◆ **DATASET**:
(* For all $0\le\varepsilon\le x\le1$ with $x>0$, $\Delta(\varepsilon)\le \frac{\Delta(x)}{x}\,\varepsilon$. In particular $\Delta(\varepsilon)\le\varepsilon$ for all $0\le\varepsilon\le1$.
   Context: Let $\lambda$ denote Lebesgue measure on $\mathbb{R}$. A set $C\subseteq\mathbb{R}$ is symmetric if there is a number $c$ such that $c+x\in C$ if and only if $c-x\in C$. For a measurable $A\subseteq\mathbb{R}$ let $D(A):=\sup\{\lambda(C): C\subseteq A,\ C \text{ measurable and symmetric}\}$. For $0\le\varepsilon\le1$ let $\Delta(\varepsilon):=\inf\{D(A): A\subseteq[0,1) \text{ measurable},\ \lambda(A)=\varepsilon\}$. *)

theory Defs
  imports "HOL-Analysis.Analysis"
begin

definition symmetric_set :: "real set \<Rightarrow> bool" where
  "symmetric_set C \<longleftrightarrow> (\<exists>c. \<forall>x. c + x \<in> C \<longleftrightarrow> c - x \<in> C)"

text \<open>D(A): supremum of Lebesgue measures of measurable symmetric subsets of A.
  (Used only for A a subset of [0,1), where this set of reals is bounded and nonempty.)\<close>
definition D :: "real set \<Rightarrow> real" where
  "D A = Sup {measure lebesgue C | C. C \<subseteq> A \<and> C \<in> sets lebesgue \<and> symmetric_set C}"

definition Delta :: "real \<Rightarrow> real" where
  "Delta \<epsilon> = Inf {D A | A. A \<subseteq> {0..<1} \<and> A \<in> sets lebesgue \<and> measure lebesgue A = \<epsilon>}"

end

theory Submission
  imports Defs
begin

text \<open>Shrinking a set by the factor \<open>t = \<epsilon>/x \<le> 1\<close> keeps it inside \<open>[0,1)\<close>, multiplies its
  measure by \<open>t\<close> and maps symmetric subsets to symmetric subsets and back; hence
  \<open>D(tA) \<le> t D(A)\<close>, and taking the infimum over all \<open>A\<close> of measure \<open>x\<close> gives
  \<open>\<Delta>(\<epsilon>) \<le> t \<Delta>(x)\<close>. The bound \<open>\<Delta>(\<epsilon>) \<le> \<epsilon>\<close> is the case \<open>x = 1\<close>, since \<open>\<Delta>(1) \<le> D([0,1)) \<le> 1\<close>.\<close>

lemma scaleR_image_eq_vimage:
  fixes S :: "'a::real_vector set"
  assumes "t \<noteq> 0"
  shows "(*\<^sub>R) t ` S = (*\<^sub>R) (1 / t) -` S"
proof (intro equalityI subsetI)
  fix x assume "x \<in> (*\<^sub>R) (1 / t) -` S"
  then have "(1 / t) *\<^sub>R x \<in> S" by simp
  moreover have "x = t *\<^sub>R ((1 / t) *\<^sub>R x)" using assms by simp
  ultimately show "x \<in> (*\<^sub>R) t ` S" by blast
qed (use assms in auto)

lemma sets_lebesgue_scaleR_image:
  fixes S :: "'a::euclidean_space set"
  assumes "t \<noteq> 0" "S \<in> sets lebesgue"
  shows "(*\<^sub>R) t ` S \<in> sets lebesgue"
  using measurable_sets[OF lebesgue_measurable_scaling[of "1 / t"] assms(2)]
  by (simp add: scaleR_image_eq_vimage[OF assms(1)])

lemma measure_lebesgue_scaleR_image:
  fixes S :: "'a::euclidean_space set"
  shows "measure lebesgue ((*\<^sub>R) t ` S) = \<bar>t\<bar> ^ DIM('a) * measure lebesgue S"
  using measure_lebesgue_affine[of t 0 S] by simp

lemma symmetric_set_empty: "symmetric_set {}"
  unfolding symmetric_set_def by simp

lemma symmetric_set_scale_image:
  fixes s :: real
  assumes "s \<noteq> 0" "symmetric_set C"
  shows "symmetric_set ((*) s ` C)"
proof -
  obtain c where c: "\<And>x. c + x \<in> C \<longleftrightarrow> c - x \<in> C"
    using assms(2) unfolding symmetric_set_def by blast
  have mem: "z \<in> (*) s ` C \<longleftrightarrow> z / s \<in> C" for z
    using scaleR_image_eq_vimage[OF assms(1), of C] by (auto simp: divide_inverse mult.commute)
  have "s * c + x \<in> (*) s ` C \<longleftrightarrow> s * c - x \<in> (*) s ` C" for x
    using c[of "x / s"] assms(1) by (simp add: mem add_divide_distrib diff_divide_distrib)
  then show ?thesis unfolding symmetric_set_def by blast
qed

lemma D_leI:
  assumes "\<And>C. C \<subseteq> A \<Longrightarrow> C \<in> sets lebesgue \<Longrightarrow> symmetric_set C \<Longrightarrow> measure lebesgue C \<le> b"
  shows "D A \<le> b"
  unfolding D_def using assms symmetric_set_empty by (intro cSup_least) auto

lemma D_ge_measure:
  assumes "A \<in> fmeasurable lebesgue" "C \<subseteq> A" "C \<in> sets lebesgue" "symmetric_set C"
  shows "measure lebesgue C \<le> D A"
proof -
  have "bdd_above {measure lebesgue C | C. C \<subseteq> A \<and> C \<in> sets lebesgue \<and> symmetric_set C}"
    using assms(1) by (intro bdd_aboveI[of _ "measure lebesgue A"]) (auto intro: measure_mono_fmeasurable)
  then show ?thesis
    unfolding D_def using assms(2-4) by (intro cSup_upper) auto
qed

lemma D_nonneg: "A \<in> fmeasurable lebesgue \<Longrightarrow> 0 \<le> D A"
  using D_ge_measure[of A "{}"] symmetric_set_empty by simp

lemma D_le_measure: "A \<in> fmeasurable lebesgue \<Longrightarrow> D A \<le> measure lebesgue A"
  by (intro D_leI measure_mono_fmeasurable) auto

lemma D_scale_image_le:
  fixes t :: real
  assumes "0 < t" "A \<in> fmeasurable lebesgue"
  shows "D ((*) t ` A) \<le> t * D A"
proof (rule D_leI)
  fix C assume C: "C \<subseteq> (*) t ` A" "C \<in> sets lebesgue" "symmetric_set C"
  let ?C = "(*) (1 / t) ` C"
  have "?C \<subseteq> A" using C(1) assms(1) by auto
  moreover have "?C \<in> sets lebesgue"
    using sets_lebesgue_scaleR_image[of "1 / t" C] C(2) assms(1) by simp
  moreover have "symmetric_set ?C"
    using symmetric_set_scale_image[of "1 / t" C] C(3) assms(1) by simp
  ultimately have "measure lebesgue ?C \<le> D A"
    using D_ge_measure[OF assms(2)] by blast
  moreover have "measure lebesgue C = t * measure lebesgue ?C"
    using measure_lebesgue_scaleR_image[of "1 / t" C] assms(1) by simp
  ultimately show "measure lebesgue C \<le> t * D A"
    using assms(1) by (simp add: mult_left_mono)
qed

lemma fmeasurable_if_subset_unit_interval:
  "A \<subseteq> {0..<1::real} \<Longrightarrow> A \<in> sets lebesgue \<Longrightarrow> A \<in> fmeasurable lebesgue"
  by (rule fmeasurableI2[of "{0..1}"]) auto

lemma Delta_le_D:
  assumes "A \<subseteq> {0..<1}" "A \<in> sets lebesgue" "measure lebesgue A = \<epsilon>"
  shows "Delta \<epsilon> \<le> D A"
  unfolding Delta_def using assms
  by (intro cInf_lower bdd_belowI[of _ 0])
     (auto intro: D_nonneg fmeasurable_if_subset_unit_interval)

lemma Delta_greatest:
  assumes "0 \<le> x" "x \<le> 1"
    and "\<And>A. A \<subseteq> {0..<1} \<Longrightarrow> A \<in> sets lebesgue \<Longrightarrow> measure lebesgue A = x \<Longrightarrow> b \<le> D A"
  shows "b \<le> Delta x"
  unfolding Delta_def
proof (rule cInf_greatest)
  have "{0..<x} \<subseteq> {0..<1}" "{0..<x} \<in> sets lebesgue" "measure lebesgue {0..<x} = x"
    using assms(1,2) by auto
  then show "{D A | A. A \<subseteq> {0..<1} \<and> A \<in> sets lebesgue \<and> measure lebesgue A = x} \<noteq> {}"
    by blast
qed (use assms(3) in blast)

lemma Delta_le_scaled:
  fixes \<epsilon> x :: real
  assumes "0 < \<epsilon>" "\<epsilon> \<le> x" "x \<le> 1"
  shows "Delta \<epsilon> \<le> Delta x / x * \<epsilon>"
proof -
  define t where "t = \<epsilon> / x"
  have t: "0 < t" "t \<le> 1" using assms by (auto simp: t_def)
  have "Delta \<epsilon> / t \<le> Delta x"
  proof (rule Delta_greatest)
    fix A :: "real set" assume A: "A \<subseteq> {0..<1}" "A \<in> sets lebesgue" "measure lebesgue A = x"
    have "(*) t ` A \<subseteq> {0..<1}"
    proof (rule image_subsetI)
      fix y assume "y \<in> A"
      then have "0 \<le> y" "y < 1" using A(1) by auto
      then show "t * y \<in> {0..<1}"
        using t mult_left_le_one_le[of y t] by auto
    qed
    moreover have "(*) t ` A \<in> sets lebesgue"
      using sets_lebesgue_scaleR_image[of t A] A(2) t by simp
    moreover have "measure lebesgue ((*) t ` A) = \<epsilon>"
      using measure_lebesgue_scaleR_image[of t A] A(3) t assms by (simp add: t_def)
    ultimately have "Delta \<epsilon> \<le> D ((*) t ` A)" by (rule Delta_le_D)
    also have "\<dots> \<le> t * D A"
      using D_scale_image_le[OF t(1) fmeasurable_if_subset_unit_interval[OF A(1,2)]] .
    finally show "Delta \<epsilon> / t \<le> D A" using t by (simp add: field_simps)
  qed (use assms in auto)
  then have "Delta \<epsilon> \<le> t * Delta x"
    using mult_left_mono[of "Delta \<epsilon> / t" "Delta x" t] t by simp
  then show ?thesis by (simp add: t_def mult.commute)
qed

theorem lemma2p3:
  shows "(\<forall>\<epsilon> x::real. 0 \<le> \<epsilon> \<and> \<epsilon> \<le> x \<and> x \<le> 1 \<and> 0 < x \<longrightarrow> Delta \<epsilon> \<le> Delta x / x * \<epsilon>)
         \<and> (\<forall>\<epsilon>::real. 0 \<le> \<epsilon> \<and> \<epsilon> \<le> 1 \<longrightarrow> Delta \<epsilon> \<le> \<epsilon>)"
proof -
  have Delta_0: "Delta 0 \<le> 0"
    using Delta_le_D[of "{}" 0] D_le_measure[of "{}"] by simp
  have scaled: "Delta \<epsilon> \<le> Delta x / x * \<epsilon>" if "0 \<le> \<epsilon>" "\<epsilon> \<le> x" "x \<le> 1" "0 < x" for \<epsilon> x :: real
    using that Delta_0 Delta_le_scaled[of \<epsilon> x] by (cases "\<epsilon> = 0") auto
  have "Delta 1 \<le> 1"
    using Delta_le_D[of "{0..<1}" 1] D_le_measure[of "{0..<1::real}"]
      fmeasurable_if_subset_unit_interval[of "{0..<1}"] by simp
  then have "Delta \<epsilon> \<le> \<epsilon>" if "0 \<le> \<epsilon>" "\<epsilon> \<le> 1" for \<epsilon> :: real
    using scaled[of \<epsilon> 1] that mult_right_mono[of "Delta 1" 1 \<epsilon>] by simp
  with scaled show ?thesis by blast
qed

end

◆ **TASK REQUIREMENTS**:
Send back exactly the lines of the listing above starting at the one with "C(2) assms(1) by simp" and ending at the one with "using D_ge_measure[OF assms(2)] by blast", inclusive, and no others.

◆ **SOLUTION TO THIS PROBLEM**:
    using sets_lebesgue_scaleR_image[of "1 / t" C] C(2) assms(1) by simp
  moreover have "symmetric_set ?C"
    using symmetric_set_scale_image[of "1 / t" C] C(3) assms(1) by simp
  ultimately have "measure lebesgue ?C \<le> D A"
    using D_ge_measure[OF assms(2)] by blast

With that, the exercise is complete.